With this extensive guidance, the Court will now proceed to review the documents withheld pursuant to the deliberative process privilege.
In support of the assertion of the deliberative process privilege, DRBC Executive Director Tambini states in his Declaration that
Documents Nos. 1-24, and 27 contain email communications between Commission staff and the DRBC Commissioners or their state or federal agency staff advising them as Commissioners, and related communications
among Commission staff. The communications occurred during the drafting and prior to the issuance of the Stone Energy dockets (D-2009-13-1, D-2009-18-1) and are thus pre-decisional. Each document reflects communications that evidence the Commission's deliberations regarding the substance of the docket. Staff members of both the Commission and the agencies of the signatory states would be reluctant to engage in these candid exchanges if they are subject to disclosure. Additionally, the chilling of such communications would impede the operations of the Commission.(Doc. 152-1 at 13.) In its opposition brief, Defendant essentially reiterates Tambini's assertions. (See Doc. 157 at 7-8.)

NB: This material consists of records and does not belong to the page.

lemma finite_factorizations:
  assumes "fin_supp x"
  shows "finite {(u, w). ptgt t u = psrc w \<and> x (pcat u w) \<noteq> 0}"
proof -
  define K where "K = {(u, w). ptgt t u = psrc w \<and> x (pcat u w) \<noteq> 0}"
  have "inj_on (\<lambda>(u, w). (pcat u w, length (snd u))) K"
  proof (rule inj_onI, clarify)
    fix u w u' w'
    assume a: "(u, w) \<in> K" "(u', w') \<in> K" "pcat u w = pcat u' w'" "length (snd u) = length (snd u')"
    then have u: "fst u = fst u'" "snd u = snd u'" and "snd w = snd w'" by (auto simp: pcat_def)
    moreover have "fst w = ptgt t u" "fst w' = ptgt t u'" using a(1,2) by (auto simp: K_def psrc_def)
    moreover have "ptgt t u = ptgt t u'" using u by (simp add: ptgt_def)
    ultimately show "u = u' \<and> w = w'" by (simp add: prod_eq_iff)
  qed
  moreover have "(\<lambda>(u, w). (pcat u w, length (snd u))) ` K \<subseteq> Sigma {p. x p \<noteq> 0} (\<lambda>p. {..length (snd p)})"
    by (auto simp: K_def pcat_def)
  moreover have "finite (Sigma {p. x p \<noteq> 0} (\<lambda>p. {..length (snd p)}))"
    using assms unfolding fin_supp_def by auto
  ultimately show ?thesis unfolding K_def[symmetric] using finite_subset finite_imageD by blast
qed

lemma comult_as_sum:
  fixes x :: "'v \<times> 'a list \<Rightarrow> 'k::field" and t :: "'a \<Rightarrow> 'v"
  assumes "fin_supp x"
  defines "K \<equiv> {(u, w). ptgt t u = psrc w \<and> x (pcat u w) \<noteq> 0}"
  shows "comult t x = (\<lambda>(u, w). \<Sum>i\<in>K. (x (pcat (fst i) (snd i)) * kdelta (fst i) u) * kdelta (snd i) w)"
proof
  fix uw :: "('v \<times> 'a list) \<times> ('v \<times> 'a list)"
  obtain u w where uw: "uw = (u, w)" by (rule prod.exhaust)
  have "(\<Sum>i\<in>K. (x (pcat (fst i) (snd i)) * kdelta (fst i) u) * kdelta (snd i) w)
      = (\<Sum>i\<in>K. if i = (u, w) then x (pcat u w) else 0)"
    by (rule sum.cong) (auto simp: kdelta_def)
  also have "\<dots> = comult t x (u, w)"
    using finite_factorizations[OF assms(1)] by (simp add: sum.delta' K_def comult_def)
  finally show "comult t x uw = (\<lambda>(u, w). \<Sum>i\<in>K. (x (pcat (fst i) (snd i)) * kdelta (fst i) u) * kdelta (snd i) w) uw"
    unfolding uw by simp
qed

lemma subcoalgebra_pathvec:
  assumes Q: "\<forall>a\<in>A. t a \<in> V"
  shows "subcoalgebra t (pathvec V A s t :: ('v \<times> 'a list \<Rightarrow> 'k::field) set) (pathvec V A s t)"
proof -
  let ?P = "pathvec V A s t :: ('v \<times> 'a list \<Rightarrow> 'k) set"
  have "comult t x \<in> tensor ?P ?P" if x: "x \<in> ?P" for x
  proof -
    define K where "K = {(u, w). ptgt t u = psrc w \<and> x (pcat u w) \<noteq> 0}"
    have fs: "fin_supp x" using x unfolding pathvec_def by blast
    have "(\<lambda>u'. x (pcat (fst i) (snd i)) * kdelta (fst i) u') \<in> ?P \<and> kdelta (snd i) \<in> ?P" if "i \<in> K" for i
    proof -
      have "x (pcat (fst i) (snd i)) \<noteq> 0" "ptgt t (fst i) = psrc (snd i)"
        using that unfolding K_def by auto
      then have "is_path V A s t (pcat (fst i) (snd i))" "ptgt t (fst i) = psrc (snd i)"
        using x unfolding pathvec_def by blast+
      then show ?thesis
        using is_path_pcatD[OF Q] kdelta_in_pathvec subspace_scale[OF subspace_pathvec] by metis
    qed
    then show ?thesis unfolding comult_as_sum[OF fs] K_def[symmetric]
      by (intro tensor_sum) (use finite_factorizations[OF fs] K_def in auto)
  qed
  then show ?thesis unfolding subcoalgebra_def using subspace_pathvec by blast
qed

section \<open>The tail closure\<close>

definition quiver_subcoalgebra :: "'v set \<Rightarrow> 'a set \<Rightarrow> ('a \<Rightarrow> 'v) \<Rightarrow> ('a \<Rightarrow> 'v)
    \<Rightarrow> ('v \<times> 'a list \<Rightarrow> 'k::field) set \<Rightarrow> bool" where
  "quiver_subcoalgebra V A s t D \<longleftrightarrow> (\<forall>a\<in>A. t a \<in> V) \<and> subcoalgebra t (pathvec V A s t) D"

lemma liftQ_OV:
  fixes x :: "'v \<times> 'a list \<Rightarrow> 'k::zero"
  shows "liftQ x (OV v, map OA bs) = x (v, bs)"
proof -
  have inj: "inj (OA :: 'a \<Rightarrow> ('v,'a,'k) arr)" by (auto intro: injI)
  have "(SOME vb. ((OV v, map OA bs) :: ('v,'a,'k) bpath) = (OV (fst vb), map OA (snd vb))) = (v, bs)"
  proof (rule some_equality)
    fix vb assume "((OV v, map OA bs) :: ('v,'a,'k) bpath) = (OV (fst vb), map OA (snd vb))"
    then have "v = fst vb" "bs = snd vb" using inj_map_eq_map[OF inj] by auto
    then show "vb = (v, bs)" by simp
  qed simp
  moreover have "liftQ x (OV v, map OA bs) = x (SOME vb. ((OV v, map OA bs) :: ('v,'a,'k) bpath) = (OV (fst vb), map OA (snd vb)))"
    unfolding liftQ_def by (subst if_P) blast+
  ultimately show ?thesis by simp
qed

lemma liftQ_not_lifted: "\<not> (\<exists>v bs. p = (OV v, map OA bs)) \<Longrightarrow> liftQ x p = 0"
  unfolding liftQ_def by simp

lemma liftQ_nonzeroD: "liftQ x p \<noteq> 0 \<Longrightarrow> \<exists>v bs. p = (OV v, map OA bs)"
  using liftQ_not_lifted by blast

lemma liftQ_cases:
  obtains v bs where "p = (OV v, map OA bs)" | "\<not> (\<exists>v bs. p = (OV v, map OA bs))"
  by blast

lemma liftQ_add:
  fixes x y :: "'v \<times> 'a list \<Rightarrow> 'k::field"
  shows "liftQ (\<lambda>u. x u + y u) = (\<lambda>p. liftQ x p + liftQ y p)"
proof
  fix p show "liftQ (\<lambda>u. x u + y u) p = liftQ x p + liftQ y p"
    by (cases p rule: liftQ_cases) (simp_all add: liftQ_OV liftQ_not_lifted)
qed

lemma liftQ_scale:
  fixes x :: "'v \<times> 'a list \<Rightarrow> 'k::field"
  shows "liftQ (\<lambda>u. c * x u) = (\<lambda>p. c * liftQ x p)"
proof
  fix p show "liftQ (\<lambda>u. c * x u) p = c * liftQ x p"
    by (cases p rule: liftQ_cases) (simp_all add: liftQ_OV liftQ_not_lifted)
qed

lemma liftQ_zero: "liftQ (\<lambda>u::'v \<times> 'a list. 0::'k::field) = (\<lambda>p. 0)"
proof
  fix p show "liftQ (\<lambda>u. 0) p = 0"
    by (cases p rule: liftQ_cases) (simp_all add: liftQ_OV liftQ_not_lifted)
qed

lemma chain_from_lift: "chain_from (XS s t) (XT t) (OV v) (map OA bs) = chain_from s t v bs"
  by (induction bs arbitrary: v) auto

lemma ptgt_lift: "ptgt (XT t) (OV v, map OA bs) = OV (ptgt t (v, bs))"
  by (cases "bs = []") (auto simp: ptgt_def last_map)

lemma pcat_liftD:
  assumes "pcat u w = (OV v, map OA cs)" "ptgt (XT t) u = psrc w"
  shows "(\<exists>v bs. u = (OV v, map OA bs)) \<and> (\<exists>v bs. w = (OV v, map OA bs))"
proof -
  have 1: "fst u = OV v" "snd u @ snd w = map OA cs" using assms(1) by (auto simp: pcat_def)
  obtain c1 c2 where c: "snd u = map OA c1" "snd w = map OA c2" using 1(2)[symmetric] by (metis map_eq_append_conv)
  have u: "u = (OV v, map OA c1)" using 1(1) c(1) by (simp add: prod_eq_iff)
  have "fst w = ptgt (XT t) u" using assms(2) by (simp add: psrc_def)
  also have "\<dots> = OV (ptgt t (v, c1))" unfolding u by (rule ptgt_lift)
  finally have "w = (OV (ptgt t (v, c1)), map OA c2)" using c(2) by (simp add: prod_eq_iff)
  then show ?thesis using u by blast
qed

Plaintiff objects to the assertion of the deliberative process privilege on the basis that the Privilege Log is unreliable. First, Plaintiff avers that Defendant asserted the privilege "to pull relevant documents from the Stone Energy docket. . . . As its privilege log and related production demonstrates, it has selectively invoked deliberate [sic] process privilege over certain documents, while producing others involving the very same subject matter and participants." (Doc. 153 at 4.) Defendant responds that its "assertion of the deliberative process privilege over only twenty-six of the thousands of documents in DRBC's project files" is not defective, but is "precisely how the deliberative process privilege is required to be invoked." (Doc. 157 at 6-7.) Earlier in its brief, Defendant stated that the documents were withheld when Plaintiff requested review of "the project files for the first twenty dockets issued by the Commission, and those for certain specific dockets including Docket D-2009-18-1 issued to Stone Energy for its Matoushek 1 Well Site shale gas exploration and development project." (Id. at 4.) Although it is noteworthy that the documents withheld all relate to the Stone Energy dockets when review of twenty other dockets was requested (id. at 3-4), the Court will not further consider this issue because the first twenty dockets are not of record such that the Court could conduct a comparison of the earlier dockets and the Stone Energy dockets. Moreover, judicial efficiency counsels against such a comparison where the Court will undertake de novo review of the Document Numbers for which Defendant asserts the deliberative process privilege. See supra p. 6 n.2.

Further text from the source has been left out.